To do:
Lines holding the string "Longrightarrow" in the listing below are to be copied.

Dataset excerpts:

------------------------

lemma lincomb_cong:
  "(\<And>i. i < n \<Longrightarrow> c i = c' i) \<Longrightarrow> (\<And>i. i < n \<Longrightarrow> v i = v' i) \<Longrightarrow> lincomb n c v = lincomb n c' v'"
  unfolding lincomb_def by (rule sum.cong) auto

lemma lincomb_add_left: "lincomb n (\<lambda>i. a i + b i) v = lincomb n a v + lincomb n b v"
  unfolding lincomb_def scale_left_distrib sum.distrib ..

lemma lincomb_diff_left: "lincomb n (\<lambda>i. a i - b i) v = lincomb n a v - lincomb n b v"
  unfolding lincomb_def scale_left_diff_distrib sum_subtractf ..

lemma lincomb_add_right: "lincomb n c (\<lambda>i. v i + w i) = lincomb n c v + lincomb n c w"
  unfolding lincomb_def scale_right_distrib sum.distrib ..

lemma lincomb_diff_right: "lincomb n c (\<lambda>i. v i - w i) = lincomb n c v - lincomb n c w"
  unfolding lincomb_def scale_right_diff_distrib sum_subtractf ..

lemma scale_lincomb: "s a (lincomb n c v) = lincomb n (\<lambda>i. a * c i) v"
  unfolding lincomb_def scale_sum_right by simp

lemma lincomb_sum_right: "lincomb n c (\<lambda>i. \<Sum>k\<in>K. w k i) = (\<Sum>k\<in>K. lincomb n c (w k))"
  unfolding lincomb_def scale_sum_right by (rule sum.swap)

lemma lincomb_zero_right [simp]: "lincomb n c (\<lambda>_. 0) = 0"
  unfolding lincomb_def by simp

lemma lincomb_basis_vec: "k < n \<Longrightarrow> lincomb n (basis_vec k) v = v k"
  unfolding lincomb_def basis_vec_def
  by (subst sum.cong[OF refl, of _ _ "\<lambda>i. if k = i then v i else 0"]) auto

lemma lincomb_lincomb:
  "lincomb n c (\<lambda>k. lincomb n (a k) v) = lincomb n (\<lambda>j. \<Sum>k<n. c k * a k j) v"
proof -
  have "lincomb n c (\<lambda>k. lincomb n (a k) v) = (\<Sum>k<n. \<Sum>j<n. s (c k * a k j) (v j))"
    unfolding lincomb_def scale_sum_right by simp
  also have "\<dots> = lincomb n (\<lambda>j. \<Sum>k<n. c k * a k j) v"
    unfolding lincomb_def scale_sum_left by (rule sum.swap)
  finally show ?thesis .
qed
(* Along M^W_(theta) each generator acts as theta_j N_j with the fixed matrix N_j = M^W_j(e_j),
   so a word V contributes theta^r(V) X^V N_V, where r(V) counts the letters of V and N_V is the
   product of the N_v along V.  Hence Phi_X(M^W_(theta)) is a power series in theta whose
   coefficients of total degree n are dominated by ||pi_n(X)|| (k ||N||)^n; on a small ball it can
   be differentiated termwise, and the derivative along W at theta = 0 keeps exactly the words V
   that are rearrangements of W, each with the factor C_W.  Every N_j moves an index by one, and
   moves it up from p to p + 1 exactly when the p-th letter of W is j; so the (1, n + 1) entry of
   N_V, which needs n upward moves, is 1 for V = W and 0 for every other rearrangement. *)

lemma has_vector_derivative_series:
  fixes f f' :: "nat \<Rightarrow> real \<Rightarrow> 'a::banach"
  assumes S: "open S" "convex S" "x \<in> S"
    and f': "\<And>n t. t \<in> S \<Longrightarrow> (f n has_vector_derivative f' n t) (at t)"
    and lim: "uniform_limit S (\<lambda>n t. \<Sum>j<n. f' j t) g' sequentially"
    and summable: "\<And>t. t \<in> S \<Longrightarrow> summable (\<lambda>n. f n t)"
  shows "((\<lambda>t. \<Sum>n. f n t) has_vector_derivative g' x) (at x)"
proof -
  have "\<exists>g. \<forall>t\<in>S. (\<lambda>n. f n t) sums g t \<and> (g has_derivative (\<lambda>h. h *\<^sub>R g' t)) (at t within S)"
  proof (rule has_derivative_series[OF S(2) _ _ S(3)])
    show "(f n has_derivative (\<lambda>h. h *\<^sub>R f' n t)) (at t within S)" if "t \<in> S" for n t
      using f'[OF that] by (simp add: has_vector_derivative_def has_derivative_at_withinI)
    show "\<forall>\<^sub>F n in sequentially. \<forall>t\<in>S. \<forall>h. norm ((\<Sum>j<n. h *\<^sub>R f' j t) - h *\<^sub>R g' t) \<le> e * norm h"
      if "e > 0" for e
      using uniform_limitD[OF lim that]
    proof eventually_elim
      case (elim n)
      show ?case
      proof (intro ballI allI)
        fix t h
        assume "t \<in> S"
        then have "\<bar>h\<bar> * dist (\<Sum>j<n. f' j t) (g' t) \<le> \<bar>h\<bar> * e"
          using elim by (intro mult_left_mono) auto
        then show "norm ((\<Sum>j<n. h *\<^sub>R f' j t) - h *\<^sub>R g' t) \<le> e * norm h"
          by (simp add: dist_norm mult.commute flip: scaleR_sum_right scaleR_diff_right)
      qed
    qed
    show "(\<lambda>n. f n x) sums (\<Sum>n. f n x)"
      using summable[OF S(3)] by (rule summable_sums)
  qed
  then obtain g where g: "\<And>t. t \<in> S \<Longrightarrow> (\<lambda>n. f n t) sums g t"
    and g': "(g has_derivative (\<lambda>h. h *\<^sub>R g' x)) (at x within S)"
    using S(3) by blast
  have "(g has_vector_derivative g' x) (at x)"
    using g' at_within_open[OF S(3,1)] by (simp add: has_vector_derivative_def)
  then show ?thesis
    by (rule has_vector_derivative_transform_within_open[OF _ S(1,3)]) (simp add: g sums_unique)
qed

lemma has_vector_derivative_line_transform:
  fixes \<theta> v :: "'a::real_normed_vector"
  assumes "open U" "\<theta> \<in> U" "\<And>y. y \<in> U \<Longrightarrow> g y = f y"
    and "((\<lambda>t. g (\<theta> + t *\<^sub>R v)) has_vector_derivative D) (at 0)"
  shows "((\<lambda>t. f (\<theta> + t *\<^sub>R v)) has_vector_derivative D) (at 0)"
proof (rule has_vector_derivative_transform_within_open[OF assms(4)])
  show "open {t::real. \<theta> + t *\<^sub>R v \<in> U}"
    using assms(1) by (rule open_vimage[unfolded vimage_def]) (intro continuous_intros)
qed (use assms(2,3) in auto)

lemma summable_power_diff_majorant:
  fixes a :: "nat \<Rightarrow> real"
  assumes "0 < R" "R \<le> 1" "\<And>n. 0 \<le> a n" "summable (\<lambda>n. a n * (2 * R) ^ n)"
  shows "summable (\<lambda>n. 2 ^ n * a n * R ^ (n - p))"
proof (rule summable_comparison_test[OF _ summable_mult[OF assms(4), of "1 / R ^ p"]],
    intro exI allI impI)
  fix n
  have "R ^ (n - p) * R ^ p \<le> R ^ n"
  proof (cases "p \<le> n")
    case True
    then show ?thesis by (simp flip: power_add)
  next
    case False
    then show ?thesis using assms(1,2) by (simp add: power_decreasing)
  qed
  then have "R ^ (n - p) \<le> R ^ n / R ^ p"
    using assms(1) by (simp add: field_simps)
  then show "norm (2 ^ n * a n * R ^ (n - p)) \<le> 1 / R ^ p * (a n * (2 * R) ^ n)"
    using assms(1) assms(3)[of n]
    by (simp add: abs_mult power_mult_distrib field_simps mult_left_mono)
qed

definition vec_monomial :: "('d::finite \<Rightarrow> nat) \<Rightarrow> real^'d \<Rightarrow> real" where
  "vec_monomial e \<theta> = (\<Prod>i\<in>UNIV. (\<theta> $ i) ^ e i)"
lemma set_nths_complement_eq_iff:
  assumes "distinct xs" "length xs = m + 1" "\<sigma> \<subseteq> set xs" "J \<subseteq> {0..m}"
  shows "set (nths xs ({0..m} - J)) = \<sigma> \<longleftrightarrow> J = {i\<in>{0..m}. xs ! i \<notin> \<sigma>}"
proof -
  have range: "{0..m} = {..<length xs}" using assms(2) by auto
  have inj: "inj_on ((!) xs) {0..m}"
    using assms(1) range by (simp add: inj_on_nth)
  have "set (nths xs ({0..m} - J)) = (!) xs ` ({0..m} - J)"
    by (auto simp: set_nths range)
  then have "set (nths xs ({0..m} - J)) = \<sigma>
      \<longleftrightarrow> (!) xs ` ({0..m} - J) = (!) xs ` {i\<in>{0..m}. xs ! i \<in> \<sigma>}"
    using nth_image_positions_in[OF assms(2,3)] by simp
  also have "\<dots> \<longleftrightarrow> {0..m} - J = {i\<in>{0..m}. xs ! i \<in> \<sigma>}"
    by (rule inj_on_image_eq_iff[OF inj]) auto
  also have "\<dots> \<longleftrightarrow> J = {i\<in>{0..m}. xs ! i \<notin> \<sigma>}"
    using assms(4) by blast
  finally show ?thesis .
qed

lemma card_positions_in:
  assumes "distinct xs" "length xs = m + 1" "\<sigma> \<subseteq> set xs"
  shows "card {i\<in>{0..m}. xs ! i \<in> \<sigma>} = card \<sigma>"
proof -
  have "inj_on ((!) xs) {i\<in>{0..m}. xs ! i \<in> \<sigma>}"
    using assms(1,2) by (auto simp: inj_on_def nth_eq_iff_index_eq)
  then show ?thesis using nth_image_positions_in[OF assms(2,3)] by (metis card_image)
qed

lemma bdry_coeff_face:
  assumes "distinct (ori \<tau>)" "set (ori \<tau>) = \<tau>" "card \<tau> = m + 1"
    and "\<sigma> \<subseteq> \<tau>" "card \<sigma> + k = m + 1"
  defines "J\<^sub>0 \<equiv> {i\<in>{0..m}. ori \<tau> ! i \<notin> \<sigma>}"
  shows "bdry_coeff ori m k \<tau> \<sigma>
    = of_int (sign (epsJ m J\<^sub>0) * lsign (nths (ori \<tau>) ({0..m} - J\<^sub>0)) (ori \<sigma>))"
proof -
  let ?xs = "ori \<tau>" and ?Js = "{J. J \<subseteq> {0..m} \<and> card J = k}"
  have length: "length ?xs = m + 1"
    using assms(1-3) distinct_card by fastforce
  have J\<^sub>0_sub: "J\<^sub>0 \<subseteq> {0..m}" unfolding J\<^sub>0_def by auto
  have "{0..m} - J\<^sub>0 = {i\<in>{0..m}. ?xs ! i \<in> \<sigma>}" unfolding J\<^sub>0_def by auto
  then have "card ({0..m} - J\<^sub>0) = card \<sigma>"
    using card_positions_in[OF assms(1) length] assms(2,4) by simp
  then have "card J\<^sub>0 = k"
    using card_Diff_subset[OF finite_subset[OF J\<^sub>0_sub] J\<^sub>0_sub] card_mono[OF _ J\<^sub>0_sub]
      assms(5) by simp
  then have J\<^sub>0_in: "J\<^sub>0 \<in> ?Js" using J\<^sub>0_sub by simp
  have face_iff: "set (nths ?xs ({0..m} - J)) = \<sigma> \<longleftrightarrow> J = J\<^sub>0" if "J \<subseteq> {0..m}" for J
    unfolding J\<^sub>0_def using set_nths_complement_eq_iff[OF assms(1) length _ that] assms(2,4) by simp
  define summand where "summand J = of_int (sign (epsJ m J)) *
    (let w = nths ?xs ({0..m} - J) in if set w = \<sigma> then of_int (lsign w (ori \<sigma>)) else (0::real))"
    for J
  have "finite ?Js" by (rule finite_subset[of _ "Pow {0..m}"]) auto
  moreover have "summand J = 0" if "J \<in> ?Js - {J\<^sub>0}" for J
    using face_iff that unfolding summand_def Let_def by auto
  ultimately have "sum summand ?Js = summand J\<^sub>0"
    using sum.remove[OF _ J\<^sub>0_in, of summand] by (simp add: sum.neutral)
  then show ?thesis
    using face_iff[OF J\<^sub>0_sub] unfolding bdry_coeff_def summand_def[abs_def]
    by (simp add: Let_def)
qed

lemma bdry_coeff_eq_0_if_not_subset:
  assumes "set (ori \<tau>) = \<tau>" "\<not> \<sigma> \<subseteq> \<tau>"
  shows "bdry_coeff ori m k \<tau> \<sigma> = 0"
proof -
  have "set (nths (ori \<tau>) I) \<noteq> \<sigma>" for I
    using set_nths_subset[of "ori \<tau>" I] assms by auto
  then show ?thesis unfolding bdry_coeff_def by (simp add: Let_def)
qed

lemma bdry_coeff_square:
  assumes "orientation K ori" "\<tau> \<in> simplices K m" "card \<sigma> + k = m + 1"
  shows "bdry_coeff ori m k \<tau> \<sigma> * bdry_coeff ori m k \<tau> \<sigma> = (if \<sigma> \<subseteq> \<tau> then 1 else 0)"
proof (cases "\<sigma> \<subseteq> \<tau>")
  case True
  have \<tau>: "distinct (ori \<tau>)" "set (ori \<tau>) = \<tau>" "card \<tau> = m + 1"
    using assms(1,2) unfolding orientation_def simplices_def by auto
  obtain p p' :: "nat \<Rightarrow> nat" where "bdry_coeff ori m k \<tau> \<sigma> = of_int (sign p * sign p')"
    using bdry_coeff_face[of ori \<tau> m \<sigma> k, OF \<tau> True assms(3)] unfolding lsign_def by blast
  moreover have "sign p * sign p' * (sign p * sign p') = (1::int)"
    by (simp add: mult_ac)
  ultimately show ?thesis
    using True by (metis of_int_1 of_int_mult)
next
  case False
  have "set (ori \<tau>) = \<tau>"
    using assms(1,2) unfolding orientation_def simplices_def by auto
  then show ?thesis
    using bdry_coeff_eq_0_if_not_subset[of ori \<tau> \<sigma>] False by simp
qed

------------------------

Task solution:
  "(\<And>i. i < n \<Longrightarrow> c i = c' i) \<Longrightarrow> (\<And>i. i < n \<Longrightarrow> v i = v' i) \<Longrightarrow> lincomb n c v = lincomb n c' v'"
lemma lincomb_basis_vec: "k < n \<Longrightarrow> lincomb n (basis_vec k) v = v k"
    and f': "\<And>n t. t \<in> S \<Longrightarrow> (f n has_vector_derivative f' n t) (at t)"
    and summable: "\<And>t. t \<in> S \<Longrightarrow> summable (\<lambda>n. f n t)"
  then obtain g where g: "\<And>t. t \<in> S \<Longrightarrow> (\<lambda>n. f n t) sums g t"
  assumes "open U" "\<theta> \<in> U" "\<And>y. y \<in> U \<Longrightarrow> g y = f y"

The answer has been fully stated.